He leant out. A car was following them, an enormous car, fierce-looking, with its pointed bonnet, blood-red in colour, and the four men in furs inside it.
"Ah," he said, "I'm well guarded! We must have patience!"
He crossed his arms on his chest, with the proud submission of those who bow and wait when fate turns against them. And while they crossed the Seine and tore through Suresnes, Rueil and Chatou, motionless and resigned, without anger or bitterness, he thought only of discovering by what miracle Arsène Lupin had put himself in the driver's place. That the decent fellow whom he had picked out that morning on the boulevard could be an accomplice, posted there of set purpose, he refused to admit. And yet Arsène Lupin must have received a warning and that only after the moment when he, Shears, had threatened Clotilde, for no one suspected his plan before. Now from that moment Clotilde and he had not left each other's presence.

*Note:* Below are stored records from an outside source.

(* A tree $T$ is strong cop-win if and only if $T$ is a caterpillar.
   Context: A caterpillar is a tree such that removing all its leaves leaves a path (possibly empty or a single vertex). All graphs are finite and reflexive (a player may stay in place). The game of $k$ cops and $m$ robbers on $G$: in round 0 the cops first choose starting vertices, then the robbers choose theirs. In each round $i\geq 1$, all cops move (each to an adjacent vertex or staying), then all robbers move likewise. Several players may occupy the same vertex. Whenever a cop and some robbers occupy the same vertex, those robbers are captured and take no further part in the game. Both sides have full information. The cops win if all robbers are captured after finitely many rounds. For a cop-win graph $G$, $\mathrm{capt}(G,m)$ is the index of the round in which the last robber is captured when one cop plays to minimize this index and $m$ robbers play to maximize it. $G$ is strong cop-win if $\lim_{m\to\infty}\mathrm{capt}(G,m)$ exists (and is finite). *)

theory Defs
  imports Complex_Main
begin

text \<open>A graph is given by a vertex set V and an adjacency relation E (only its
restriction to V matters). Moves are reflexive: a player may stay put.\<close>

definition is_simple_graph :: "'a set \<Rightarrow> ('a \<Rightarrow> 'a \<Rightarrow> bool) \<Rightarrow> bool" where
  "is_simple_graph V E \<longleftrightarrow> finite V \<and> (\<forall>u v. E u v \<longrightarrow> u \<in> V \<and> v \<in> V)
     \<and> (\<forall>u v. E u v \<longrightarrow> E v u) \<and> (\<forall>v. \<not> E v v)"

definition connected_graph :: "'a set \<Rightarrow> ('a \<Rightarrow> 'a \<Rightarrow> bool) \<Rightarrow> bool" where
  "connected_graph V E \<longleftrightarrow>
     (\<forall>u\<in>V. \<forall>v\<in>V. (\<lambda>x y. E x y \<and> x \<in> V \<and> y \<in> V)\<^sup>*\<^sup>* u v)"

definition is_cycle :: "'a set \<Rightarrow> ('a \<Rightarrow> 'a \<Rightarrow> bool) \<Rightarrow> 'a list \<Rightarrow> bool" where
  "is_cycle V E xs \<longleftrightarrow> length xs \<ge> 3 \<and> distinct xs \<and> set xs \<subseteq> V
     \<and> (\<forall>i. Suc i < length xs \<longrightarrow> E (xs ! i) (xs ! Suc i))
     \<and> E (last xs) (hd xs)"
(* The nine points differ from c by half chessboard vectors, so all have the same kind. *)
lemma nine_points_same_class:
  assumes c: "2 * fst c \<in> \<int>" "2 * snd c \<in> \<int>"
    and v: "chessboard_vector v" and w: "chessboard_vector w"
  shows "(\<forall>q\<in>nine_points c v w. cell_corner q \<or> cell_centre q)
       \<or> (\<forall>q\<in>nine_points c v w. boundary_not_corner q)"
proof -
  have same_class: "(cell_corner q \<or> cell_centre q \<longleftrightarrow> fst c + snd c \<in> \<int>)
             \<and> (boundary_not_corner q \<longleftrightarrow> fst c + snd c \<notin> \<int>)"
    if nine: "q \<in> nine_points c v w" for q
  proof -
    obtain a b :: nat where q: "q = c + (real a / 2) *\<^sub>R v + (real b / 2) *\<^sub>R w"
      using nine unfolding nine_points_def by blast
    have "2 * fst q = 2 * fst c + real a * fst v + real b * fst w"
      "2 * snd q = 2 * snd c + real a * snd v + real b * snd w"
      unfolding q by (simp_all add: field_simps)
    then have "2 * fst q \<in> \<int>" "2 * snd q \<in> \<int>"
      using c v w unfolding chessboard_vector_def by (simp_all add: Ints_add Ints_mult)
    moreover have "fst q + snd q
        = (fst c + snd c) + (real a * ((fst v + snd v) / 2) + real b * ((fst w + snd w) / 2))"
      unfolding q by (simp add: field_simps)
    moreover have "real a * ((fst v + snd v) / 2) + real b * ((fst w + snd w) / 2) \<in> \<int>"
      using v w unfolding chessboard_vector_def by (intro Ints_add Ints_mult Ints_of_nat) auto
    ultimately show ?thesis using half_grid_point_class[of q] by simp
  qed
  show ?thesis
    using same_class by (cases "fst c + snd c \<in> \<int>") auto
qed

theorem lemma1:
  fixes D :: "int \<Rightarrow> int \<Rightarrow> bool" and c v w :: pt
  assumes "periodic D"
    and "isonemal D"
    and "type_pgg_45 (G1 D) \<or> type_pmg_45 (G1 D)"
    and "rect_lattice_unit D c v w"
    and "half_turn_centre D c" and "half_turn_centre D (c + v)"
    and "half_turn_centre D (c + w)" and "half_turn_centre D (c + v + w)"
  shows "(\<forall>q\<in>nine_points c v w. half_turn_centre D q) \<and>
         ((\<forall>q\<in>nine_points c v w. cell_corner q \<or> cell_centre q) \<or>
          (\<forall>q\<in>nine_points c v w. boundary_not_corner q))"
proof -
  have L: "transl D = lattice v w"
    using assms(4) by (simp add: rect_lattice_unit_def lattice_def)
  then have v: "v \<in> transl D" and w: "w \<in> transl D" using lattice_generators by blast+
  have "chessboard_vector v" "chessboard_vector w"
    using translations_chessboard[OF assms(3) L] v w by blast+
  moreover have "2 * fst c \<in> \<int>" "2 * snd c \<in> \<int>"
    using half_turn_centre_integral[OF assms(5)] by simp_all
  ultimately show ?thesis
    using nine_points_half_turns[OF assms(5) v w] nine_points_same_class by blast
qed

Suddenly, he remembered the girl's telephoning to her dressmaker. And, all at once, he understood. Even before he spoke, at the very moment when he asked for an interview as M. Destange's new secretary, she had scented danger, guessed the visitor's name and object and, coolly, naturally, as though she were really doing what she appeared to do, had summoned Lupin to her aid, under the pretense of speaking to one of her tradespeople and by means of a formula known to themselves alone.
How Arsène Lupin had come, how that motor-cab in waiting, with its throbbing engine, had aroused his suspicion, how he had bribed the driver: all this mattered little. What interested Shears almost to the point of calming his rage was the recollection of that moment in which a mere woman, a woman in love, it is true, mastering her nerves, suppressing her instinct, controlling the features of her face and the expression of her eyes, had humbugged old Holmlock Shears.
What was he to do against a man served by such allies, a man who, by the sheer ascendancy of his authority, inspired a woman with such a stock of daring and energy?
They re-crossed the Seine and climbed the slope of Saint-Germain; but, five hundred yards beyond the town, the cab slowed down. The other car came up with it and the two stopped alongside. There was no one about.
"Mr. Shears," said Lupin, "may I trouble you to change cars? Ours is really so very slow!..."
"Certainly," said Shears, all the more politely, as he had no choice.
"Will you also permit me to lend you this fur, for we shall be going pretty fast, and to offer you a couple of sandwiches?... Yes, yes, take them: there's no telling when you will get any dinner."